Stored data:
text \<open>
  Write \<open>\<phi> t = ln (1/t) powr (1-\<eta>)\<close>. Since \<open>v\<^sub>\<eta> (0,s) = \<phi> s / (\<eta>-1)\<close> and \<open>\<phi>\<close> is
  increasing, the set \<open>{t < \<delta>. \<lambda> \<phi>(t) powr (1/p) < A}\<close> is an interval whose \<open>v\<^sub>\<eta>\<close>-measure,
  multiplied by \<open>\<lambda>\<^sup>p\<close>, is \<open>min A\<^sup>p (\<lambda>\<^sup>p \<phi> \<delta>) / (\<eta>-1)\<close>.
  The \<open>x\<close>-section of \<open>F\<^sub>\<lambda>\<close> lies in such a set with \<open>A = T\<^sup>*f(x)\<close> and \<open>\<delta> = 1/2\<close>, so
  \<open>\<lambda>\<^sup>p v\<^sub>\<eta>(section) \<le> T\<^sup>*f(x)\<^sup>p / (\<eta>-1)\<close>, and Tonelli gives (i).
  If \<open>T\<^sub>t f(x) \<rightarrow> g(x)\<close> and \<open>A < |g(x)|\<close>, the section contains such a set for some small \<open>\<delta>\<close>,
  and its scaled measure is \<open>A\<^sup>p / (\<eta>-1)\<close> once \<open>\<lambda>\<^sup>p \<phi> \<delta> \<ge> A\<^sup>p\<close>; Fatou's lemma along
  \<open>\<lambda> \<rightarrow> \<infinity>\<close> gives (ii).
\<close>

lemma nn_integral_Liminf_at_top_le:
  fixes u :: "real \<Rightarrow> 'a \<Rightarrow> ennreal"
  assumes u: "\<And>c. u c \<in> borel_measurable M"
  shows "(\<integral>\<^sup>+ x. Liminf at_top (\<lambda>c. u c x) \<partial>M) \<le> Liminf at_top (\<lambda>c. \<integral>\<^sup>+ x. u c x \<partial>M)"
proof (rule ccontr)
  assume "\<not> ?thesis"
  then obtain y where y: "y < (\<integral>\<^sup>+ x. Liminf at_top (\<lambda>c. u c x) \<partial>M)"
    and not_eventually: "\<not> eventually (\<lambda>c. y < (\<integral>\<^sup>+ x. u c x \<partial>M)) at_top"
    unfolding le_Liminf_iff by auto
  then have "\<forall>n::nat. \<exists>c \<ge> real n. (\<integral>\<^sup>+ x. u c x \<partial>M) \<le> y"
    unfolding eventually_at_top_linorder by (auto simp: not_less)
  then obtain cs where cs: "\<And>n. cs n \<ge> real n" "\<And>n. (\<integral>\<^sup>+ x. u (cs n) x \<partial>M) \<le> y"
    by metis
  have cs_lim: "filterlim cs at_top sequentially"
    using cs(1) by (intro filterlim_at_top_mono[OF filterlim_real_sequentially]) auto
  have "Liminf at_top (\<lambda>c. u c x) \<le> liminf (\<lambda>n. u (cs n) x)" for x
    unfolding le_Liminf_iff
    using eventually_compose_filterlim[OF _ cs_lim] less_LiminfD by blast
  then have "(\<integral>\<^sup>+ x. Liminf at_top (\<lambda>c. u c x) \<partial>M) \<le> (\<integral>\<^sup>+ x. liminf (\<lambda>n. u (cs n) x) \<partial>M)"
    by (intro nn_integral_mono)
  also have "\<dots> \<le> liminf (\<lambda>n. \<integral>\<^sup>+ x. u (cs n) x \<partial>M)"
    using u by (rule nn_integral_liminf)
  also have "\<dots> \<le> y"
    using cs(2) by (intro Liminf_le) auto
  finally show False using y by simp
qed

__Problem__.
With the line that contains "x. liminf (\<lambda>n." as your start, reproduce the data above exactly through its last line, and nothing before that start.

__Output of the task__.
  then have "(\<integral>\<^sup>+ x. Liminf at_top (\<lambda>c. u c x) \<partial>M) \<le> (\<integral>\<^sup>+ x. liminf (\<lambda>n. u (cs n) x) \<partial>M)"
    by (intro nn_integral_mono)
  also have "\<dots> \<le> liminf (\<lambda>n. \<integral>\<^sup>+ x. u (cs n) x \<partial>M)"
    using u by (rule nn_integral_liminf)
  also have "\<dots> \<le> y"
    using cs(2) by (intro Liminf_le) auto
  finally show False using y by simp
qed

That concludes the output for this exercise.